__Given entries__:
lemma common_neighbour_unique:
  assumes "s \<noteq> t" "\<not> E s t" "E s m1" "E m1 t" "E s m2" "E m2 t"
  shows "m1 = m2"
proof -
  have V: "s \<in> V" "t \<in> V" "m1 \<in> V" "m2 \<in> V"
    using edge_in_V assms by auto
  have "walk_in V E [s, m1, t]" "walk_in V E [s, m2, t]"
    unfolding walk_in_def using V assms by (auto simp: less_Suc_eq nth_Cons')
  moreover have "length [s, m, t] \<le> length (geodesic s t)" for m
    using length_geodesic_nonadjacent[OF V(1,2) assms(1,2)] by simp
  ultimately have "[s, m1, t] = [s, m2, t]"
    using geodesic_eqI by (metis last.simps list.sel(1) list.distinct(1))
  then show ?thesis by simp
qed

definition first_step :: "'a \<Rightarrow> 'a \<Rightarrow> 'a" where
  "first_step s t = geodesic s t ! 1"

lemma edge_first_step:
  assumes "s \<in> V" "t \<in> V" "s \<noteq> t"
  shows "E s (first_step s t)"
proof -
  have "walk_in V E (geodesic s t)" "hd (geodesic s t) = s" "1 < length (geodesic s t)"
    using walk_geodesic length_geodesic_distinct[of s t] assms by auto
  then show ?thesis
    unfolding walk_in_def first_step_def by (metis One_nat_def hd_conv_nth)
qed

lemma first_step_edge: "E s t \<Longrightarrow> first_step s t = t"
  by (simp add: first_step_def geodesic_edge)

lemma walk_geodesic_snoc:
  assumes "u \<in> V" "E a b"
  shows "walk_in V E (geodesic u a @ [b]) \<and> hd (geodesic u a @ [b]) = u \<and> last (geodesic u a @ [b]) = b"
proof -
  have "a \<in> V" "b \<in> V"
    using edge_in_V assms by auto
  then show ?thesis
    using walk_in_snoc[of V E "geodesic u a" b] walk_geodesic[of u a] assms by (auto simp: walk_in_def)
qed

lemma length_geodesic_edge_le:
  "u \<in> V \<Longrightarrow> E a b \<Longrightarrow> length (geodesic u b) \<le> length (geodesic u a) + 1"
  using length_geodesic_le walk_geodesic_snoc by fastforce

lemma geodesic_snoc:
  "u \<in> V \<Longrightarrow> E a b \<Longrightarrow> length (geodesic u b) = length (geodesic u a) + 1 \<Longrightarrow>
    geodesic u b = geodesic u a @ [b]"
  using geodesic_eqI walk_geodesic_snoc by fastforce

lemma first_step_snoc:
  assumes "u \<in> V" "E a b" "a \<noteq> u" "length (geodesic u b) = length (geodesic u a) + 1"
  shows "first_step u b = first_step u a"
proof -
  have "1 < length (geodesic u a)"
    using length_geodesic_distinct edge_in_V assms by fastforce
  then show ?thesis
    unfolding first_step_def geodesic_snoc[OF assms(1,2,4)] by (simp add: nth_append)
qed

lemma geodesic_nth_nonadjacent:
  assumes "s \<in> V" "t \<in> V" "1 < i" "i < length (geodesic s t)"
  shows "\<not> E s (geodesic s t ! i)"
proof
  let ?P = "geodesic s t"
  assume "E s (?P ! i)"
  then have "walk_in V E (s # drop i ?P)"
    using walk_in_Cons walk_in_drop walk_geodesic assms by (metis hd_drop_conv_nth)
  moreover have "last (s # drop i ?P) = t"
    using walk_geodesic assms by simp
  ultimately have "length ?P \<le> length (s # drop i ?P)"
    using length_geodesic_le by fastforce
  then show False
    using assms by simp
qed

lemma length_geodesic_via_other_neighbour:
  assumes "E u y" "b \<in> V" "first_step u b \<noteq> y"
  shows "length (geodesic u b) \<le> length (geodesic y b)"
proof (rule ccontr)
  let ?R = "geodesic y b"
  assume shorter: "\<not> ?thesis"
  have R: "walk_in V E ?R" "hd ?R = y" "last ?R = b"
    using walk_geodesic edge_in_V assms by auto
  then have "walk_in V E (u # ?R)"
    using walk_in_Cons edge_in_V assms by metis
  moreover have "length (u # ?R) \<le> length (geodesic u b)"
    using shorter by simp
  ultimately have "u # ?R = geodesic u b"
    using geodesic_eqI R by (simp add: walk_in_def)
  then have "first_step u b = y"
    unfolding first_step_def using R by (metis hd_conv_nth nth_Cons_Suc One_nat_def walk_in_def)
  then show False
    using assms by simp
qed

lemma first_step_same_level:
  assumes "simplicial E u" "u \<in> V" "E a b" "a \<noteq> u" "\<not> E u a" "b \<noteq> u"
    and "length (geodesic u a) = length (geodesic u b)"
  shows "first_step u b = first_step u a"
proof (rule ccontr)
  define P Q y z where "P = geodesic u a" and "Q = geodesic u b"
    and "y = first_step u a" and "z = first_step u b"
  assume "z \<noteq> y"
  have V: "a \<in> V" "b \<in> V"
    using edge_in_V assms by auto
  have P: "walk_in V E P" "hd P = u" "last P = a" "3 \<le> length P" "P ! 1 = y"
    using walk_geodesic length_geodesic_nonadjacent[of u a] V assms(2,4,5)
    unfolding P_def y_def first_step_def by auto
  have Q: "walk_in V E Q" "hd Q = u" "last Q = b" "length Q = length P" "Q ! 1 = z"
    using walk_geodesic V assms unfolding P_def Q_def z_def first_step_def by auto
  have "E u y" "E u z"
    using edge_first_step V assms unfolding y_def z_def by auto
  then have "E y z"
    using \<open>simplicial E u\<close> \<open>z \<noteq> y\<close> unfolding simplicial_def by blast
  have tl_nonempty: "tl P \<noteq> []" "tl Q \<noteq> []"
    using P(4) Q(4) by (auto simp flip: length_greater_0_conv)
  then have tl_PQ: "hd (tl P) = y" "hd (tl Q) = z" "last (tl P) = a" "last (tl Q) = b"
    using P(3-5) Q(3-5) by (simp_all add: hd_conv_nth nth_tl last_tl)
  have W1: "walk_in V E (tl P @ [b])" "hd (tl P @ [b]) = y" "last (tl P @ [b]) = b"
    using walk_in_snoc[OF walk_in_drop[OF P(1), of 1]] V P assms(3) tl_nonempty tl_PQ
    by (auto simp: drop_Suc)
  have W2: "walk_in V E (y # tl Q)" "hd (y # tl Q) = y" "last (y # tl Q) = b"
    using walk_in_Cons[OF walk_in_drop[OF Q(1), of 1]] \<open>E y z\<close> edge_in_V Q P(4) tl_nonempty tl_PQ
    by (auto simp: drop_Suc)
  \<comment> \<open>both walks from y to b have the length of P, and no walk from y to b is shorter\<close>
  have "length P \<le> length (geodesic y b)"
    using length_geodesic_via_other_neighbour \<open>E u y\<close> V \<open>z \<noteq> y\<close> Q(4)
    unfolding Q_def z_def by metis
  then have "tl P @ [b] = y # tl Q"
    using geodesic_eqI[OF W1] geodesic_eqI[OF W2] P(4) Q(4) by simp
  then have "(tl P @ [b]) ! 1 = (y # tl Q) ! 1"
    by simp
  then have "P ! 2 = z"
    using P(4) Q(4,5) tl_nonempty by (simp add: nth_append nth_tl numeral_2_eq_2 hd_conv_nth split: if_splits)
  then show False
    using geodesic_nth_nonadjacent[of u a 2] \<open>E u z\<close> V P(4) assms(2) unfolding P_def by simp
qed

--

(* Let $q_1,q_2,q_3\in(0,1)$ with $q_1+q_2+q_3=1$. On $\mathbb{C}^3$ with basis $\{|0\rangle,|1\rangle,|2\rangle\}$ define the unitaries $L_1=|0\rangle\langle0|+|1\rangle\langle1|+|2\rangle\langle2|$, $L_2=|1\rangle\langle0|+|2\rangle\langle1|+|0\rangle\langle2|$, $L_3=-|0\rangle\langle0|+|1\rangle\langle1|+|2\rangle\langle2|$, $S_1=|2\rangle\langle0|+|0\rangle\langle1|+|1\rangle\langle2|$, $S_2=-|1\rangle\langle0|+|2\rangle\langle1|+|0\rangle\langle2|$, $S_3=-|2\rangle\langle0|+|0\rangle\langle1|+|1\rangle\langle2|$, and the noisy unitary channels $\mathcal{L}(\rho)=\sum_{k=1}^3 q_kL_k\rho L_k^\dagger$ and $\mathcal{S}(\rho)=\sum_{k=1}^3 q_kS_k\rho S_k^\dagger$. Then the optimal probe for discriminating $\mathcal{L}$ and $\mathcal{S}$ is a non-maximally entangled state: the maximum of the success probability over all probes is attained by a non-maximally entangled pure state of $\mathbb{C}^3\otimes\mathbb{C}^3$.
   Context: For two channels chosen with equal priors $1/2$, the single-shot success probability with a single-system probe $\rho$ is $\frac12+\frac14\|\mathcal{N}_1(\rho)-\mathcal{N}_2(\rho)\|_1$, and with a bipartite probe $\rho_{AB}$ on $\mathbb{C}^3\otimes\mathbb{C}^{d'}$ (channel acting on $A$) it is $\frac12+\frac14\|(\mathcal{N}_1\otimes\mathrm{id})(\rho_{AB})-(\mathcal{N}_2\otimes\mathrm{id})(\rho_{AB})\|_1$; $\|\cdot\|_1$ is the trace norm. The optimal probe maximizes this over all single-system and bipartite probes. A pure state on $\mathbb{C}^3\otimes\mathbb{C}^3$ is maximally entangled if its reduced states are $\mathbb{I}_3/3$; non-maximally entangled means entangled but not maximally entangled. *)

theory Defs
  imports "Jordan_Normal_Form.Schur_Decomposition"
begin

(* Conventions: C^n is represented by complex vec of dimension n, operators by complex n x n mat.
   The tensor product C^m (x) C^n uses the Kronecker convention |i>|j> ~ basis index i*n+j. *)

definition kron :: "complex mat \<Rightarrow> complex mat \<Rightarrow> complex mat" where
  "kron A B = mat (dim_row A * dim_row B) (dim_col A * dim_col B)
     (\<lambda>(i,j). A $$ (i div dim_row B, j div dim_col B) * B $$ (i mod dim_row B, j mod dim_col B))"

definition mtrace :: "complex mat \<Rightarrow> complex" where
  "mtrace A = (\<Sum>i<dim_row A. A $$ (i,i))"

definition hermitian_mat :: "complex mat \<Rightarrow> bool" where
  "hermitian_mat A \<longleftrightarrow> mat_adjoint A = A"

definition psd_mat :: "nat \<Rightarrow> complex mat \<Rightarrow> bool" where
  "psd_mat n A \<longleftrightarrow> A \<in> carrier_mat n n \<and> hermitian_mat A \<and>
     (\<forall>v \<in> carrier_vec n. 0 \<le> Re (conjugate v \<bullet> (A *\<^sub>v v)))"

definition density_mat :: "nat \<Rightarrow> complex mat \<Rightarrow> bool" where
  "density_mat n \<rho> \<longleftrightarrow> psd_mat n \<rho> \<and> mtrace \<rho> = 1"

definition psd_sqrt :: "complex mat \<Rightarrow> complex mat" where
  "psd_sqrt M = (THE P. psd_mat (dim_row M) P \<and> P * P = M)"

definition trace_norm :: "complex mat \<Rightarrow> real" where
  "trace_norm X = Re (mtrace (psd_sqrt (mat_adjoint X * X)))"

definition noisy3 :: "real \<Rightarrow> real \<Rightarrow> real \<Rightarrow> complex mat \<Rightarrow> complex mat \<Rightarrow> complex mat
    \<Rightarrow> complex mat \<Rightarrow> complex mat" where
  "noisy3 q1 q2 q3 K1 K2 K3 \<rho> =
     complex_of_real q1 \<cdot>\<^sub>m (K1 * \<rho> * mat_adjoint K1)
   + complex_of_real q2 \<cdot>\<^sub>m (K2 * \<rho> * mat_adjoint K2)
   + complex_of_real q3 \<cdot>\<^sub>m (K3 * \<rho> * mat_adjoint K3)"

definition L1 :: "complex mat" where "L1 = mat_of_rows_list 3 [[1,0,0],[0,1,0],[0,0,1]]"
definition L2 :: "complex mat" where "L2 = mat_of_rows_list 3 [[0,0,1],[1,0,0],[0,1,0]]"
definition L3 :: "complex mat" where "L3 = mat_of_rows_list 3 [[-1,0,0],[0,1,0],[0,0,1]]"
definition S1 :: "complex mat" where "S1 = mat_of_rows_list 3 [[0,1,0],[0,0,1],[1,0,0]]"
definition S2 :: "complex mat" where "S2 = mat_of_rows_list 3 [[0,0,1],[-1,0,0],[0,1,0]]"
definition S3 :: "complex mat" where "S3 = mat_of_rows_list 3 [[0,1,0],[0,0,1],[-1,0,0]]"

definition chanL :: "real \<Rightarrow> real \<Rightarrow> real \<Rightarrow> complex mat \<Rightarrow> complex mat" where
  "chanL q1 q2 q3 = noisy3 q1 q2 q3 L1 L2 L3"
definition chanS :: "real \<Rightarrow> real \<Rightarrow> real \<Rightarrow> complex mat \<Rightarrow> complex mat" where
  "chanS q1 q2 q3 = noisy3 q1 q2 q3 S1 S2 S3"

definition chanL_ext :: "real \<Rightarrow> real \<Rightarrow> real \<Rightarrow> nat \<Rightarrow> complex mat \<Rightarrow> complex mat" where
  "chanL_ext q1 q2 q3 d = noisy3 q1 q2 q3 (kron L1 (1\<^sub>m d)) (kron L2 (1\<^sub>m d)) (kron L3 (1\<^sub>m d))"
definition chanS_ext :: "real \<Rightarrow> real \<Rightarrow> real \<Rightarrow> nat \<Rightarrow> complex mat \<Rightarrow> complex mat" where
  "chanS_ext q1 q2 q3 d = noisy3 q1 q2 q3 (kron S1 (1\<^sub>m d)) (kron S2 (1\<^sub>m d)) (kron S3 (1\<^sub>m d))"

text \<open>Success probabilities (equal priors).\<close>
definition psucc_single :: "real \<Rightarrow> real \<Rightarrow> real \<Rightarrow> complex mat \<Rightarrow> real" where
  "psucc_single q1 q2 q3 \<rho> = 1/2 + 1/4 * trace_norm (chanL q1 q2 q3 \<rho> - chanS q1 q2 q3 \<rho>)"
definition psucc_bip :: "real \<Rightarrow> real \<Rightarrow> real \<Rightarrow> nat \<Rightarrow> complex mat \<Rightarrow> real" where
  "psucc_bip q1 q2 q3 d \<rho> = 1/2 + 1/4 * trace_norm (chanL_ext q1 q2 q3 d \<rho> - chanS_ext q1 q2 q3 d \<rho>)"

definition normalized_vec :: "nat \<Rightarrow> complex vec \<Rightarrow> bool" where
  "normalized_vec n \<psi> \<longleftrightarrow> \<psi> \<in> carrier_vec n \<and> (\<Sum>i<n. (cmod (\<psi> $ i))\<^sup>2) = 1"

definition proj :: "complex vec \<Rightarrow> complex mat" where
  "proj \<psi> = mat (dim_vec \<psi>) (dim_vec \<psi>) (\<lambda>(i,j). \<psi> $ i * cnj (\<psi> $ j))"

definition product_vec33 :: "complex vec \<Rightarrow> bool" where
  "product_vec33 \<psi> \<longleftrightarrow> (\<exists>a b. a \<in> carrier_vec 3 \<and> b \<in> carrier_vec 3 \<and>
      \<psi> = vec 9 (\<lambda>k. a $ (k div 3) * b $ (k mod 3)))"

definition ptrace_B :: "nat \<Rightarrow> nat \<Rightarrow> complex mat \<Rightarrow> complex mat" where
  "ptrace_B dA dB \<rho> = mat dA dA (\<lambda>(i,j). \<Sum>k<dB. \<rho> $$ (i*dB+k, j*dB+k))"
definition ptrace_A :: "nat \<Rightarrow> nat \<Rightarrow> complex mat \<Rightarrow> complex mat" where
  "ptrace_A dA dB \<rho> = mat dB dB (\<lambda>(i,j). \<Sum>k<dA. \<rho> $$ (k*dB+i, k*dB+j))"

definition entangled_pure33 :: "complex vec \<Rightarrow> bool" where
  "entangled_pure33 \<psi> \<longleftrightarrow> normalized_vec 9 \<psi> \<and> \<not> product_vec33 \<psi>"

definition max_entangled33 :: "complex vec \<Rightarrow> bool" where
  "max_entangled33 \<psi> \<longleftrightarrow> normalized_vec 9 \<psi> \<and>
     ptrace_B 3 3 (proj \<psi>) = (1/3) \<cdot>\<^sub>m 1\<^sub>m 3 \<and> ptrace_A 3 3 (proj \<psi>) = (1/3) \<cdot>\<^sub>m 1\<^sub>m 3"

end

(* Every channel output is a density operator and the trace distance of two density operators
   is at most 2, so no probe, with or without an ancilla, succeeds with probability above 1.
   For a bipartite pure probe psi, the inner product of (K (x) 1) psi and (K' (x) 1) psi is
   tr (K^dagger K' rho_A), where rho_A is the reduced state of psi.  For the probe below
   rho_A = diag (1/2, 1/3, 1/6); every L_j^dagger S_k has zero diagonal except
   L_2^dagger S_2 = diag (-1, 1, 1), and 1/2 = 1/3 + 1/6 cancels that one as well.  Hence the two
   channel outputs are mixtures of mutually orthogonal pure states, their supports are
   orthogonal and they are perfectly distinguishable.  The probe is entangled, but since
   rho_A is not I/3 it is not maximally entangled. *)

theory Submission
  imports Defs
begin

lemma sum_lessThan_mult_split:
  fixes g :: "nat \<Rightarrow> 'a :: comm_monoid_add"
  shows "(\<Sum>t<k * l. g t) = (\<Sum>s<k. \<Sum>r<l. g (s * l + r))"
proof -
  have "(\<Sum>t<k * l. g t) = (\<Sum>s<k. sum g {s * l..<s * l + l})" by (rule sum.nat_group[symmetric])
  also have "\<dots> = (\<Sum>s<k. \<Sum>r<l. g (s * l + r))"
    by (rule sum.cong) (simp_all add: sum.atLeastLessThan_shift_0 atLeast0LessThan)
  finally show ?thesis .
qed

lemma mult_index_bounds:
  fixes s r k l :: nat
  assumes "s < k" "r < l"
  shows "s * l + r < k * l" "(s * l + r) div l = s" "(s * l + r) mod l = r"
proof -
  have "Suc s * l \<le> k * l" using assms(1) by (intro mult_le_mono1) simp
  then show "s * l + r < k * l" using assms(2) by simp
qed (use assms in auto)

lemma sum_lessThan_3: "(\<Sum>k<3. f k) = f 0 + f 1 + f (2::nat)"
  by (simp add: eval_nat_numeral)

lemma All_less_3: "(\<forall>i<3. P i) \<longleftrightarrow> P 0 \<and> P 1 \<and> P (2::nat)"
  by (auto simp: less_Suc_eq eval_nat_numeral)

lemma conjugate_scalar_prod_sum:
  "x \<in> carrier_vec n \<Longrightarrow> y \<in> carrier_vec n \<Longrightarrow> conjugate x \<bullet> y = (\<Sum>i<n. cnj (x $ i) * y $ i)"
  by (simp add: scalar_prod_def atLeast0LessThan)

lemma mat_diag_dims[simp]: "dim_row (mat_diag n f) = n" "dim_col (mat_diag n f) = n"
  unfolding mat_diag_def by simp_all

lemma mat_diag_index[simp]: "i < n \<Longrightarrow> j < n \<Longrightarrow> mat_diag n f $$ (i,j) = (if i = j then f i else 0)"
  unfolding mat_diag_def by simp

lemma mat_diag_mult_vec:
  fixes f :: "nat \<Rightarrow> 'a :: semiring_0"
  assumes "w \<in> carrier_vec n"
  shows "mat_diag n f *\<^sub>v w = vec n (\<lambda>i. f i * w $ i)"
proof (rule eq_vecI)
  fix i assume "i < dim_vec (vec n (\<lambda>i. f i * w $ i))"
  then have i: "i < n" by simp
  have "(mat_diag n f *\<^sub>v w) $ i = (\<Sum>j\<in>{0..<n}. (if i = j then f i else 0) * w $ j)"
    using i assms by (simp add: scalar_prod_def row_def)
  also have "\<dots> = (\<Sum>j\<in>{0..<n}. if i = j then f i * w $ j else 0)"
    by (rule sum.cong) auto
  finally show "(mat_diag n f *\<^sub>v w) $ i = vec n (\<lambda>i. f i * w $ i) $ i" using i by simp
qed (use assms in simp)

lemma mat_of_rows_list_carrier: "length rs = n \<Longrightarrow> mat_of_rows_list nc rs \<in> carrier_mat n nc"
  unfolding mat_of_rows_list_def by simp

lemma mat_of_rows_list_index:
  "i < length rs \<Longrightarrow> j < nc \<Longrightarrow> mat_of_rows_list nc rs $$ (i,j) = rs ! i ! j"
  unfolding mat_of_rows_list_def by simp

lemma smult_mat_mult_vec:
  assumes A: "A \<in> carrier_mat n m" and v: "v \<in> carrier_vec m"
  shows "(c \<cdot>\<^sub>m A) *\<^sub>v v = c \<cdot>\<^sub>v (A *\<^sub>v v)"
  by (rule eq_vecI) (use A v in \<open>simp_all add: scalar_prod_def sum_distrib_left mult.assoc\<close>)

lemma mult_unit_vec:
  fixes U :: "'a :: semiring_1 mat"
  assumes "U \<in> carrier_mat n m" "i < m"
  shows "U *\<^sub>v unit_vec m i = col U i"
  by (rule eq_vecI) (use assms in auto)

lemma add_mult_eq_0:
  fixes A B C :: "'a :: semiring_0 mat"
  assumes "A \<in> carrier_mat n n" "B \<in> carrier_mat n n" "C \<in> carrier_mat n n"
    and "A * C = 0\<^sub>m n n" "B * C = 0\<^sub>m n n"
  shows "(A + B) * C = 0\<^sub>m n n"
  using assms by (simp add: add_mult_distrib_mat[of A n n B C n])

__Problem description__:
Copy every line of the records above that contains "simplicial".

__Your solution__:
  assumes "simplicial E u" "u \<in> V" "E a b" "a \<noteq> u" "\<not> E u a" "b \<noteq> u"
    using \<open>simplicial E u\<close> \<open>z \<noteq> y\<close> unfolding simplicial_def by blast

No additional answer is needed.